EXERCISE:
Each line in the records below that has the word "then" should be copied.

Dataset records
(* Let $T^-,T'^-\in\Omega^-$, $T^+,T'^+\in\Omega^+$, and let $X$ be a predicate variable or predicate symbol. (1) If $X$ is positive (resp. negative) in $T^-$, then $T^-[T'^-/X]\in\Omega^-$ (resp. $T^-[T'^+/X]\in\Omega^-$). (2) If $X$ is positive (resp. negative) in $T^+$, then $T^+[T'^+/X]\in\Omega^+$ (resp. $T^+[T'^-/X]\in\Omega^+$). (3) For any types $T,F$: if $T[F/X]\in\Omega^+$ (resp. $T[F/X]\in\Omega^-$), then $T\in\Omega^+$ (resp. $T\in\Omega^-$).
   Context: $TTR$ types: over a second-order language with first-order variables, function symbols, $n$-ary predicate variables and symbols; atomic $\perp$ and $X(t_1,\dots,t_n)$; constructors $\to$, $\forall x$, $\forall X$, and $\mu Cx_1\dots x_nA\langle t_1,\dots,t_n\rangle$ for $C$ an $n$-ary predicate symbol occurring and positive in $A$. Positivity: $X$ is positive and negative in $A$ if it does not occur in $A$; positive and not negative in $X(\bar t)$; positive (negative) in $B\to C$ iff negative (positive) in $B$ and positive (negative) in $C$; for $v\ne X$ positive (negative) in $\forall vB$ iff in $B$; positive (negative) in $\mu C\bar xB\langle\bar t\rangle$ iff in $B$. $T[F/X]$ denotes $T[F/X(x_1,\dots,x_n)]$: each atomic $X(t_1,\dots,t_n)$ is replaced by $F[t_1/x_1,\dots,t_n/x_n]$. $\Omega^+$ ($\forall$-positive) and $\Omega^-$ ($\forall$-negative): atomic types are in both; if $T^+\in\Omega^+$, $T^-\in\Omega^-$ then $T^-\to T^+\in\Omega^+$ and $T^+\to T^-\in\Omega^-$; if $T^+\in\Omega^+$ then $\forall xT^+,\forall XT^+\in\Omega^+$; if $T^-\in\Omega^-$ then $\forall xT^-\in\Omega^-$, and $\forall XT^-\in\Omega^-$ when $X$ is not free in $T^-$; if $T^+\in\Omega^+$ and $C$ is an $n$-ary predicate symbol occurring and positive in $T^+$ then $\mu Cx_1\dots x_nT^+\langle t_1,\dots,t_n\rangle\in\Omega^+$. *)

theory Defs
  imports Main
begin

RESPONSE FOR THIS EXERCISE:
(* Let $T^-,T'^-\in\Omega^-$, $T^+,T'^+\in\Omega^+$, and let $X$ be a predicate variable or predicate symbol. (1) If $X$ is positive (resp. negative) in $T^-$, then $T^-[T'^-/X]\in\Omega^-$ (resp. $T^-[T'^+/X]\in\Omega^-$). (2) If $X$ is positive (resp. negative) in $T^+$, then $T^+[T'^+/X]\in\Omega^+$ (resp. $T^+[T'^-/X]\in\Omega^+$). (3) For any types $T,F$: if $T[F/X]\in\Omega^+$ (resp. $T[F/X]\in\Omega^-$), then $T\in\Omega^+$ (resp. $T\in\Omega^-$).
   Context: $TTR$ types: over a second-order language with first-order variables, function symbols, $n$-ary predicate variables and symbols; atomic $\perp$ and $X(t_1,\dots,t_n)$; constructors $\to$, $\forall x$, $\forall X$, and $\mu Cx_1\dots x_nA\langle t_1,\dots,t_n\rangle$ for $C$ an $n$-ary predicate symbol occurring and positive in $A$. Positivity: $X$ is positive and negative in $A$ if it does not occur in $A$; positive and not negative in $X(\bar t)$; positive (negative) in $B\to C$ iff negative (positive) in $B$ and positive (negative) in $C$; for $v\ne X$ positive (negative) in $\forall vB$ iff in $B$; positive (negative) in $\mu C\bar xB\langle\bar t\rangle$ iff in $B$. $T[F/X]$ denotes $T[F/X(x_1,\dots,x_n)]$: each atomic $X(t_1,\dots,t_n)$ is replaced by $F[t_1/x_1,\dots,t_n/x_n]$. $\Omega^+$ ($\forall$-positive) and $\Omega^-$ ($\forall$-negative): atomic types are in both; if $T^+\in\Omega^+$, $T^-\in\Omega^-$ then $T^-\to T^+\in\Omega^+$ and $T^+\to T^-\in\Omega^-$; if $T^+\in\Omega^+$ then $\forall xT^+,\forall XT^+\in\Omega^+$; if $T^-\in\Omega^-$ then $\forall xT^-\in\Omega^-$, and $\forall XT^-\in\Omega^-$ when $X$ is not free in $T^-$; if $T^+\in\Omega^+$ and $C$ is an $n$-ary predicate symbol occurring and positive in $T^+$ then $\mu Cx_1\dots x_nT^+\langle t_1,\dots,t_n\rangle\in\Omega^+$. *)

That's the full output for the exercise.